Give back the data in full, with every line exact.

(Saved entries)
═══
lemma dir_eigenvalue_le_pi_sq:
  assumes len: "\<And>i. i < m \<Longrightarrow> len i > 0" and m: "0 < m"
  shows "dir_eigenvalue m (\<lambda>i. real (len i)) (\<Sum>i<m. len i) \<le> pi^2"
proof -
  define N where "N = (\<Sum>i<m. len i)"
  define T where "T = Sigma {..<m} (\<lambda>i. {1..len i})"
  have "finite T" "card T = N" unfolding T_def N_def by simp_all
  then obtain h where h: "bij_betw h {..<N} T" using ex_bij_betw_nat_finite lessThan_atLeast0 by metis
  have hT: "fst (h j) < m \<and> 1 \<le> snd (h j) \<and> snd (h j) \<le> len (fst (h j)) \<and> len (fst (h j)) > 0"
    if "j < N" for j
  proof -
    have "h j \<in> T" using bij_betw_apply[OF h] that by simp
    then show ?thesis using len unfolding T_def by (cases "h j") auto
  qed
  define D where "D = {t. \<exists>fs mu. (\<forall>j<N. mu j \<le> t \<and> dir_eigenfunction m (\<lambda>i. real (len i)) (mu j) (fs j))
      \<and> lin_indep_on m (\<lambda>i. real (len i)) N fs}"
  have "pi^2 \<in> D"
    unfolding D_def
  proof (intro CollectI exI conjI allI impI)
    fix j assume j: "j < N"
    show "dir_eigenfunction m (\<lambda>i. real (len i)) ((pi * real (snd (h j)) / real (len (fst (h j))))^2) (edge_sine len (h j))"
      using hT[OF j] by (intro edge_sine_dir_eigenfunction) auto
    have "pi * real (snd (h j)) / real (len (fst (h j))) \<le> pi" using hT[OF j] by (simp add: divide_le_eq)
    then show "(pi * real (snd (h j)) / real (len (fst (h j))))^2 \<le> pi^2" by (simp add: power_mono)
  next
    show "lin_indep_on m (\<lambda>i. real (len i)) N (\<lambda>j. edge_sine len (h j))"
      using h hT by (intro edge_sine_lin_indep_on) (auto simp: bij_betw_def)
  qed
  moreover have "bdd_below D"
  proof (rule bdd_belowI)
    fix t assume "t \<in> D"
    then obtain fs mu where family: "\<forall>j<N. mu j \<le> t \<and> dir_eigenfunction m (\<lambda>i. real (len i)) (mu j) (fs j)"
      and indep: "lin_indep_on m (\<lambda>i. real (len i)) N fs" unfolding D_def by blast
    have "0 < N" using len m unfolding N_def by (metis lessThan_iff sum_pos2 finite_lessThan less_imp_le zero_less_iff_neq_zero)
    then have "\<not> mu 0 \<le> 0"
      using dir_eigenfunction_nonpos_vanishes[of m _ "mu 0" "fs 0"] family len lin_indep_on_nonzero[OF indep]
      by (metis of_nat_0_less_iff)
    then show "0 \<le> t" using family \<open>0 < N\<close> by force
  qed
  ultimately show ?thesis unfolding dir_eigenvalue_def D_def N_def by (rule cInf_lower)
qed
═══
_Problem solution_:
lemma dir_eigenvalue_le_pi_sq:
  assumes len: "\<And>i. i < m \<Longrightarrow> len i > 0" and m: "0 < m"
  shows "dir_eigenvalue m (\<lambda>i. real (len i)) (\<Sum>i<m. len i) \<le> pi^2"
proof -
  define N where "N = (\<Sum>i<m. len i)"
  define T where "T = Sigma {..<m} (\<lambda>i. {1..len i})"
  have "finite T" "card T = N" unfolding T_def N_def by simp_all
  then obtain h where h: "bij_betw h {..<N} T" using ex_bij_betw_nat_finite lessThan_atLeast0 by metis
  have hT: "fst (h j) < m \<and> 1 \<le> snd (h j) \<and> snd (h j) \<le> len (fst (h j)) \<and> len (fst (h j)) > 0"
    if "j < N" for j
  proof -
    have "h j \<in> T" using bij_betw_apply[OF h] that by simp
    then show ?thesis using len unfolding T_def by (cases "h j") auto
  qed
  define D where "D = {t. \<exists>fs mu. (\<forall>j<N. mu j \<le> t \<and> dir_eigenfunction m (\<lambda>i. real (len i)) (mu j) (fs j))
      \<and> lin_indep_on m (\<lambda>i. real (len i)) N fs}"
  have "pi^2 \<in> D"
    unfolding D_def
  proof (intro CollectI exI conjI allI impI)
    fix j assume j: "j < N"
    show "dir_eigenfunction m (\<lambda>i. real (len i)) ((pi * real (snd (h j)) / real (len (fst (h j))))^2) (edge_sine len (h j))"
      using hT[OF j] by (intro edge_sine_dir_eigenfunction) auto
    have "pi * real (snd (h j)) / real (len (fst (h j))) \<le> pi" using hT[OF j] by (simp add: divide_le_eq)
    then show "(pi * real (snd (h j)) / real (len (fst (h j))))^2 \<le> pi^2" by (simp add: power_mono)
  next
    show "lin_indep_on m (\<lambda>i. real (len i)) N (\<lambda>j. edge_sine len (h j))"
      using h hT by (intro edge_sine_lin_indep_on) (auto simp: bij_betw_def)
  qed
  moreover have "bdd_below D"
  proof (rule bdd_belowI)
    fix t assume "t \<in> D"
    then obtain fs mu where family: "\<forall>j<N. mu j \<le> t \<and> dir_eigenfunction m (\<lambda>i. real (len i)) (mu j) (fs j)"
      and indep: "lin_indep_on m (\<lambda>i. real (len i)) N fs" unfolding D_def by blast
    have "0 < N" using len m unfolding N_def by (metis lessThan_iff sum_pos2 finite_lessThan less_imp_le zero_less_iff_neq_zero)
    then have "\<not> mu 0 \<le> 0"
      using dir_eigenfunction_nonpos_vanishes[of m _ "mu 0" "fs 0"] family len lin_indep_on_nonzero[OF indep]
      by (metis of_nat_0_less_iff)
    then show "0 \<le> t" using family \<open>0 < N\<close> by force
  qed
  ultimately show ?thesis unfolding dir_eigenvalue_def D_def N_def by (rule cInf_lower)
qed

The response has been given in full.